The dependence of mechanical properties on microscopic interactions remains a central problem in the physics of disordered solids near the jamming transition. We numerically and theoretically investigate the mechanical response of jammed cohesive granular materials using discrete element simulations and effective medium theory (EMT). We find that the shear modulus exhibits pronounced hysteresis under compression and decompression, even though the interparticle force law itself is strictly history-independent. While such hysteresis disappears for purely repulsive particles when mechanical properties are characterized in terms of pressure, it persists in cohesive packings, indicating that pressure is not a unique state variable for cohesive particles. Extending EMT to cohesive interactions, we show that the functional form of the shear modulus remains the same for both repulsive and cohesive particles, but that attractive interactions violate marginal stability. The resulting deviation from marginal stability generates excess rigidity, as predicted by a scaling relation. This prediction is quantitatively verified by numerical simulations and explains the persistent hysteresis in cohesive packings.

Paper Structure

This paper contains 11 sections, 43 equations, 12 figures.

Figures (12)

  • Figure 1: (a) Pressure $p$ as a function of the packing fraction $\phi$ for cohesive particles (main panel) and repulsive particles (inset). (b) Shear modulus $G$ as a function of $\phi$ for cohesive particles (main panel) and repulsive particles (inset). (c) Shear modulus $G$ as a function of $p^{1/2}$ for cohesive and repulsive particles. Compression and decompression data are shown by open and closed symbols, respectively.
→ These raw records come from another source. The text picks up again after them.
lemma abs_powr_diff_le:
  fixes a b B p :: real
  assumes "0 \<le> a" "0 \<le> b" "a \<le> B" "b \<le> B" "p \<ge> 1"
  shows "\<bar>a powr p - b powr p\<bar> \<le> p * B powr (p - 1) * \<bar>a - b\<bar>"
proof -
  have main: "y powr p - x powr p \<le> p * B powr (p - 1) * (y - x)"
    if "0 \<le> x" "x < y" "y \<le> B" for x y
  proof -
    have "continuous_on {x..y} (\<lambda>t. t powr p)"
      using that assms(5) by (intro continuous_on_powr') (auto intro!: continuous_intros)
    moreover have "(\<lambda>t. t powr p) differentiable (at t)" if "x < t" "t < y" for t
      using has_real_derivative_powr[of t p] that \<open>0 \<le> x\<close> real_differentiable_def by fastforce
    ultimately obtain l z where z: "x < z" "z < y" "DERIV (\<lambda>t. t powr p) z :> l"
      "y powr p - x powr p = (y - x) * l"
      using MVT[OF \<open>x < y\<close>, of "\<lambda>t. t powr p"] by blast
    have "l = p * z powr (p - 1)"
      using DERIV_unique[OF z(3) has_real_derivative_powr[of z p]] z that by auto
    moreover have "z powr (p - 1) \<le> B powr (p - 1)"
      using z that assms(5) by (intro powr_mono2) auto
    ultimately show ?thesis
      using z that assms(5) by (simp add: mult_left_mono mult.commute mult.left_commute)
  qed
  show ?thesis
  proof (cases a b rule: linorder_cases)
    case less
    with main[of a b] assms powr_mono2[of p a b] show ?thesis by (simp add: abs_if)
  next
    case greater
    with main[of b a] assms powr_mono2[of p b a] show ?thesis by (simp add: abs_if abs_minus_commute)
  qed simp
qed

section \<open>Global solutions of second order equations\<close>

lemma continuous_has_antiderivative:
  fixes f :: "real \<Rightarrow> real"
  assumes "continuous_on UNIV f"
  obtains F where "F a = c" "\<And>x. (F has_real_derivative f x) (at x)"
proof -
  obtain F where F: "\<And>x. (F has_vector_derivative f x) (at x)"
    using einterval_antiderivative[of "-\<infinity>" "\<infinity>" f] assms
    by (auto simp: continuous_on_eq_continuous_at)
  show thesis
    by (rule that[of "\<lambda>x. F x - F a + c"])
       (auto intro!: derivative_eq_intros F[unfolded has_real_derivative_iff_has_vector_derivative[symmetric]])
qed

lemma second_order_primitive:
  fixes g :: "real \<Rightarrow> real"
  assumes "continuous_on UNIV g"
  obtains Y Y' where "Y \<xi> = y\<^sub>0" "Y' \<xi> = v\<^sub>0"
    "\<And>x. (Y has_real_derivative Y' x) (at x)" "\<And>x. (Y' has_real_derivative g x) (at x)"
proof -
  obtain F where F: "F \<xi> = v\<^sub>0" "\<And>x. (F has_real_derivative g x) (at x)"
    using continuous_has_antiderivative[OF assms, of \<xi> v\<^sub>0] by blast
  have "continuous_on UNIV F"
    using F(2) by (meson DERIV_isCont continuous_at_imp_continuous_on)
  then obtain G where "G \<xi> = y\<^sub>0" "\<And>x. (G has_real_derivative F x) (at x)"
    using continuous_has_antiderivative by blast
  with F that show thesis by blast
qed

lemma second_order_exp_growth:
  fixes Y Y' g :: "real \<Rightarrow> real"
  assumes K: "K > 0"
    and d: "\<And>x. (Y has_real_derivative Y' x) (at x)" "\<And>x. (Y' has_real_derivative g x) (at x)"
    and g: "\<And>x. \<bar>g x\<bar> \<le> C"
  shows "\<bar>Y x\<bar> \<le> (\<bar>Y \<xi>\<bar> + \<bar>Y' \<xi>\<bar> / K + C / K\<^sup>2) * exp (K * \<bar>x - \<xi>\<bar>)"
proof -
  define \<omega> where "\<omega> = exp (K * \<bar>x - \<xi>\<bar>)"
  have "\<bar>g x\<bar> \<le> C" for x by (fact g)
  then have C: "C \<ge> 0" by (meson abs_ge_zero order_trans)
  have "\<bar>g s - 0\<bar> \<le> C * exp (K * \<bar>s - \<xi>\<bar>)" for s
  proof -
    have "C \<le> C * exp (K * \<bar>s - \<xi>\<bar>)" using C K by (simp add: mult_le_cancel_left1)
    with g[of s] show ?thesis by simp
  qed
  moreover have lin: "((\<lambda>s. Y \<xi> + Y' \<xi> * (s - \<xi>)) has_real_derivative Y' \<xi>) (at s)"
    "((\<lambda>_. Y' \<xi>) has_real_derivative 0) (at s)" for s
    by (auto intro!: derivative_eq_intros)
  ultimately have "\<bar>Y x - (Y \<xi> + Y' \<xi> * (x - \<xi>))\<bar> \<le> C * \<omega> / K\<^sup>2"
    unfolding \<omega>_def by (intro exp_weighted_comparison[OF K d lin]) auto
  moreover have "\<bar>Y' \<xi> * (x - \<xi>)\<bar> \<le> \<bar>Y' \<xi>\<bar> / K * \<omega>"
  proof -
    have "K * \<bar>x - \<xi>\<bar> \<le> \<omega>"
      unfolding \<omega>_def using exp_ge_add_one_self[of "K * \<bar>x - \<xi>\<bar>"] by linarith
    then have "\<bar>x - \<xi>\<bar> \<le> \<omega> / K" using K by (simp add: field_simps)
    then show ?thesis
      using mult_left_mono[of "\<bar>x - \<xi>\<bar>" "\<omega> / K" "\<bar>Y' \<xi>\<bar>"] by (simp add: abs_mult)
  qed
  moreover have "\<bar>Y \<xi>\<bar> \<le> \<bar>Y \<xi>\<bar> * \<omega>"
    unfolding \<omega>_def using K by (simp add: mult_le_cancel_left1)
  ultimately show ?thesis unfolding \<omega>_def[symmetric] by (simp add: algebra_simps)
qed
The packing fraction $\phi_{p=0}$ where the pressure vanishes is indicated by black pentagons. The solid line in (c) indicates the expected scaling $G \propto p^{1/2}$ for repulsive particles.
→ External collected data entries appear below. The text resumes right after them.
lemma q_tendsto_f: "i \<in> {1,2} \<Longrightarrow> (\<lambda>n. q n (x, i)) \<longlonglongrightarrow> f x i"
  by (rule limit[rule_format])

lemma f_nonneg: "i \<in> {1,2} \<Longrightarrow> 0 \<le> f x i"
  by (rule LIMSEQ_le_const[OF q_tendsto_f]) (use q_nonneg in auto)

lemma sum_f_le_1: "(\<Sum>x<N. f x 1 + f x 2) \<le> 1"
proof (rule LIMSEQ_le_const2)
  show "(\<lambda>n. \<Sum>x<N. q n (x, 1) + q n (x, 2)) \<longlonglongrightarrow> (\<Sum>x<N. f x 1 + f x 2)"
    by (intro tendsto_intros q_tendsto_f) auto
  have le: "(\<Sum>x<N. q n (x, i)) \<le> phase_mass n i" if "i \<in> {1,2}" for n i
    unfolding phase_mass_def using that q_summable q_nonneg by (intro sum_le_suminf) auto
  have "(\<Sum>x<N. q n (x, 1) + q n (x, 2)) \<le> 1" for n
    using le[of 1 n] le[of 2 n] phase_mass_sum[of n] by (simp add: sum.distrib)
  then show "\<exists>N0. \<forall>n\<ge>N0. (\<Sum>x<N. q n (x, 1) + q n (x, 2)) \<le> 1"
    by blast
qed

lemma f_summable: "i \<in> {1,2} \<Longrightarrow> summable (fphase i)"
proof (rule summableI_nonneg_bounded[of _ 1])
  assume i: "i \<in> {1,2}"
  show "0 \<le> f x i" for x
    using f_nonneg[OF i] .
  show "(\<Sum>x<N. f x i) \<le> 1" for N
    using i f_nonneg[of 1] f_nonneg[of 2] sum_f_le_1[of N]
      sum_mono[of "{..<N}" "fphase i" "\<lambda>x. f x 1 + f x 2"]
    by auto
qed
  • Figure 2: Schematic of the static interparticle force $f(r)$ as a function of the interparticle distance $r$. The repulsive (i), stabilizing attractive (ii), and locally destabilizing (iii) regimes are indicated by different shaded regions.
  • Figure 3: Marginal stability and its breakdown in repulsive ($\alpha=0$) and cohesive ($\alpha>0$) packings, compared with EMT predictions. Open and closed symbols correspond to decompression and compression, respectively. (a) Pressure $p$ as a function of $Z-Z_{\rm iso}$. The solid line indicates the marginal-stability condition $p=p_{\rm c}(Z)$. The shaded region indicates EMT-stable states satisfying $p\le p_{\rm c}(Z)$. (Inset) vDOS $D(\omega)$ for cohesive particles at $\phi=0.60$ during compression. The symbols and solid line represent the spectra obtained from the original and unstressed Hessians, respectively. (b) Shear modulus $G$ as a function of $Z-Z_{\rm iso}$. The solid line represents the bare shear modulus $G=G_0(Z)$ introduced in EMT. (c) Scaling plot of the excess rigidity $(G-G_0)/G_0$ as a function of the deviation from marginal stability $(p_{\rm c}-p)/p_{\rm c}$ for cohesive packings, testing the EMT prediction. The solid line represents the EMT prediction, Eq. \ref{['eq:general_scaling']}. The color of the symbols represents the packing fraction $\phi$.
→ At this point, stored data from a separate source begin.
lemma solvable_rows_Suc:
  "solvable_rows G (Suc L) U b \<longleftrightarrow>
     solvable_rows G L U b \<or> solvable_rows G L U (\<lambda>i. b i + G i L)"
proof
  assume "solvable_rows G (Suc L) U b"
  then obtain d where d: "\<forall>i\<in>U. (\<Sum>j<Suc L. G i j * d j) = b i"
    unfolding solvable_rows_def by blast
  have sum_d: "\<forall>i\<in>U. (\<Sum>j<L. G i j * d j) + G i L * d L = b i"
    using d sum_lessThan_Suc_fun_upd[where d = d and c = "d L"] by simp
  show "solvable_rows G L U b \<or> solvable_rows G L U (\<lambda>i. b i + G i L)"
  proof (cases "d L = 0")
    case True
    then show ?thesis using sum_d unfolding solvable_rows_def by auto
  next
    case False
    then have "\<forall>i\<in>U. (\<Sum>j<L. G i j * d j) = b i + G i L"
      using sum_d by (simp add: bit_add_eq_iff[THEN iffD1])
    then show ?thesis unfolding solvable_rows_def by blast
  qed
next
  assume "solvable_rows G L U b \<or> solvable_rows G L U (\<lambda>i. b i + G i L)"
  then show "solvable_rows G (Suc L) U b"
  proof
    assume "solvable_rows G L U b"
    then obtain d where "\<forall>i\<in>U. (\<Sum>j<L. G i j * d j) = b i"
      unfolding solvable_rows_def by blast
    then have "\<forall>i\<in>U. (\<Sum>j<Suc L. G i j * (d(L := 0)) j) = b i"
      by (simp add: sum_lessThan_Suc_fun_upd)
    then show ?thesis
      unfolding solvable_rows_def by blast
  next
    assume "solvable_rows G L U (\<lambda>i. b i + G i L)"
    then obtain d where "\<forall>i\<in>U. (\<Sum>j<L. G i j * d j) = b i + G i L"
      unfolding solvable_rows_def by blast
    then have "\<forall>i\<in>U. (\<Sum>j<Suc L. G i j * (d(L := 1)) j) = b i"
      by (simp add: sum_lessThan_Suc_fun_upd add.assoc)
    then show ?thesis
      unfolding solvable_rows_def by blast
  qed
qed

text \<open>Fredholm alternative over GF(2), by induction on the number of columns: if neither
  \<open>b\<close> nor \<open>b + G\<^sub>L\<close> is reached by the first \<open>L\<close> columns, two separating vectors exist,
  and either one of them or their sum also annihilates column \<open>L\<close>.\<close>

lemma separating_vector_if_not_solvable_rows:
  assumes "finite U" "\<not> solvable_rows G L U b"
  shows "\<exists>y. (\<forall>j<L. (\<Sum>i\<in>U. y i * G i j) = 0) \<and> (\<Sum>i\<in>U. y i * b i) = 1"
  using assms(2)
proof (induction L arbitrary: b)
  case 0
  then obtain i0 where i0: "i0 \<in> U" "b i0 = 1"
    unfolding solvable_rows_def by auto
  have "(\<Sum>i\<in>U. (if i = i0 then 1 else 0) * b i) = (\<Sum>i\<in>U. if i = i0 then b i else 0)"
    by (rule sum.cong) auto
  also have "\<dots> = 1"
    using i0 assms(1) by simp
  finally show ?case
    by (intro exI[of _ "\<lambda>i. if i = i0 then 1 else 0"]) simp
next
  case (Suc L)
  have "\<not> solvable_rows G L U b" "\<not> solvable_rows G L U (\<lambda>i. b i + G i L)"
    using Suc.prems unfolding solvable_rows_Suc by simp_all
  obtain y1 where y1: "\<forall>j<L. (\<Sum>i\<in>U. y1 i * G i j) = 0" "(\<Sum>i\<in>U. y1 i * b i) = 1"
    using Suc.IH[OF \<open>\<not> solvable_rows G L U b\<close>] by blast
  obtain y2 where y2: "\<forall>j<L. (\<Sum>i\<in>U. y2 i * G i j) = 0"
    and "(\<Sum>i\<in>U. y2 i * (b i + G i L)) = 1"
    using Suc.IH[OF \<open>\<not> solvable_rows G L U (\<lambda>i. b i + G i L)\<close>] by blast
  then have y2b: "(\<Sum>i\<in>U. y2 i * b i) + (\<Sum>i\<in>U. y2 i * G i L) = 1"
    by (simp add: distrib_left sum.distrib)
  consider "(\<Sum>i\<in>U. y1 i * G i L) = 0" | "(\<Sum>i\<in>U. y2 i * G i L) = 0"
    | "(\<Sum>i\<in>U. y1 i * G i L) = 1" "(\<Sum>i\<in>U. y2 i * G i L) = 1"
    by (cases "\<Sum>i\<in>U. y1 i * G i L"; cases "\<Sum>i\<in>U. y2 i * G i L") simp_all
  then show ?case
  proof cases
    case 1
    then show ?thesis using y1 by (intro exI[of _ y1]) (auto simp: less_Suc_eq)
  next
    case 2
    then show ?thesis using y2 y2b by (intro exI[of _ y2]) (auto simp: less_Suc_eq)
  next
    case 3
    then have "(\<Sum>i\<in>U. (y1 i + y2 i) * b i) = 1"
      using y1 y2b by (simp add: distrib_right sum.distrib)
    moreover have "\<forall>j<Suc L. (\<Sum>i\<in>U. (y1 i + y2 i) * G i j) = 0"
      using y1 y2 3 by (auto simp: less_Suc_eq distrib_right sum.distrib)
    ultimately show ?thesis
      by (intro exI[of _ "\<lambda>i. y1 i + y2 i"] conjI)
  qed
qed

lemma solvable_rows_iff_orthogonal:
  assumes "finite U"
  shows "solvable_rows G L U b \<longleftrightarrow>
    (\<forall>y. (\<forall>j<L. (\<Sum>i\<in>U. y i * G i j) = 0) \<longrightarrow> (\<Sum>i\<in>U. y i * b i) = 0)"
proof (intro iffI allI impI)
  fix y assume "solvable_rows G L U b" and y: "\<forall>j<L. (\<Sum>i\<in>U. y i * G i j) = 0"
  then obtain d where d: "\<forall>i\<in>U. (\<Sum>j<L. G i j * d j) = b i"
    unfolding solvable_rows_def by blast
  have "(\<Sum>i\<in>U. y i * b i) = (\<Sum>i\<in>U. y i * (\<Sum>j<L. G i j * d j))"
    using d by (intro sum.cong) simp_all
  also have "\<dots> = (\<Sum>i\<in>U. \<Sum>j<L. y i * G i j * d j)"
    by (simp add: sum_distrib_left mult.assoc)
  also have "\<dots> = (\<Sum>j<L. (\<Sum>i\<in>U. y i * G i j) * d j)"
    by (subst sum.swap) (simp add: sum_distrib_right)
  also have "\<dots> = 0" using y by simp
  finally show "(\<Sum>i\<in>U. y i * b i) = 0" .
next
  assume orth: "\<forall>y. (\<forall>j<L. (\<Sum>i\<in>U. y i * G i j) = 0) \<longrightarrow> (\<Sum>i\<in>U. y i * b i) = 0"
  show "solvable_rows G L U b"
  proof (rule ccontr)
    assume "\<not> solvable_rows G L U b"
    then obtain y where "\<forall>j<L. (\<Sum>i\<in>U. y i * G i j) = 0" and y_b: "(\<Sum>i\<in>U. y i * b i) = 1"
      using separating_vector_if_not_solvable_rows[OF assms] by blast
    with orth show False by auto
  qed
qed

lemma encodable_iff_solvable_rows:
  "encodable l k G0 G1 m \<omega> \<longleftrightarrow>
     solvable_rows G0 l (defects \<omega>) (\<lambda>i. (\<Sum>j<k. G1 i j * m j) + the (\<omega> i))"
proof
  assume "solvable_rows G0 l (defects \<omega>) (\<lambda>i. (\<Sum>j<k. G1 i j * m j) + the (\<omega> i))"
  then obtain d where d: "\<forall>i\<in>defects \<omega>. (\<Sum>j<l. G0 i j * d j) = (\<Sum>j<k. G1 i j * m j) + the (\<omega> i)"
    unfolding solvable_rows_def by blast
  define d' where "d' j = (if j < l then d j else 0)" for j
  have "d' \<in> bvecs l" by (simp add: d'_def bvecs_def)
  moreover have "(\<Sum>j<l. G0 i j * d' j) = (\<Sum>j<l. G0 i j * d j)" for i
    by (rule sum.cong) (simp_all add: d'_def)
  ultimately show "encodable l k G0 G1 m \<omega>"
    unfolding encodable_def using d by metis
qed (auto simp: encodable_def solvable_rows_def)

lemma solvable_rows_iff_dual_code:
  assumes U: "U \<subseteq> {..<n}"
  shows "solvable_rows G l U b \<longleftrightarrow>
    (\<forall>x\<in>dual_code n l G. {i. x i \<noteq> 0} \<subseteq> U \<longrightarrow> (\<Sum>i\<in>U. x i * b i) = 0)"
proof -
  have fin: "finite U" using U finite_subset by blast
  have restrict_sum: "(\<Sum>i<n. G i j * x i) = (\<Sum>i\<in>U. x i * G i j)"
    if "{i. x i \<noteq> 0} \<subseteq> U" for x j
  proof -
    have "(\<Sum>i<n. G i j * x i) = (\<Sum>i\<in>U. G i j * x i)"
      by (rule sum.mono_neutral_right) (use U that in auto)
    then show ?thesis by (simp add: mult.commute)
  qed
  have "(\<forall>y. (\<forall>j<l. (\<Sum>i\<in>U. y i * G i j) = 0) \<longrightarrow> (\<Sum>i\<in>U. y i * b i) = 0) \<longleftrightarrow>
    (\<forall>x\<in>dual_code n l G. {i. x i \<noteq> 0} \<subseteq> U \<longrightarrow> (\<Sum>i\<in>U. x i * b i) = 0)"
  proof (intro iffI ballI allI impI)
    fix x assume "\<forall>y. (\<forall>j<l. (\<Sum>i\<in>U. y i * G i j) = 0) \<longrightarrow> (\<Sum>i\<in>U. y i * b i) = 0"
      and "x \<in> dual_code n l G" "{i. x i \<noteq> 0} \<subseteq> U"
    then show "(\<Sum>i\<in>U. x i * b i) = 0"
      using restrict_sum by (simp add: dual_code_def)
  next
    fix y assume orth: "\<forall>x\<in>dual_code n l G. {i. x i \<noteq> 0} \<subseteq> U \<longrightarrow> (\<Sum>i\<in>U. x i * b i) = 0"
      and y: "\<forall>j<l. (\<Sum>i\<in>U. y i * G i j) = 0"
    define x where "x i = (if i \<in> U then y i else 0)" for i
    have supp: "{i. x i \<noteq> 0} \<subseteq> U" by (auto simp: x_def)
    have "(\<Sum>i\<in>U. x i * G i j) = (\<Sum>i\<in>U. y i * G i j)" for j
      by (rule sum.cong) (simp_all add: x_def)
    then have "x \<in> dual_code n l G"
      using U y restrict_sum[OF supp] by (auto simp: dual_code_def bvecs_def x_def)
    then have "(\<Sum>i\<in>U. x i * b i) = 0" using orth supp by blast
    moreover have "(\<Sum>i\<in>U. x i * b i) = (\<Sum>i\<in>U. y i * b i)"
      by (rule sum.cong) (simp_all add: x_def)
    ultimately show "(\<Sum>i\<in>U. y i * b i) = 0" by simp
  qed
  then show ?thesis
    using solvable_rows_iff_orthogonal[OF fin] by simp
qed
  • Figure S1: Enlarged view of the low-pressure regime of Fig. \ref{['P_G']}(a), showing the pressure $p$ as a function of the packing fraction $\phi$. Compression and decompression data are shown by open and closed symbols, respectively. The packing fraction $\phi_{p=0}$ where the pressure vanishes is indicated by black pentagons.
  • Figure S2: Shear modulus $G$ as a function of the pressure $p$ for cohesive particles. The region with negative pressure ($p<0$) is highlighted by the blue shaded area.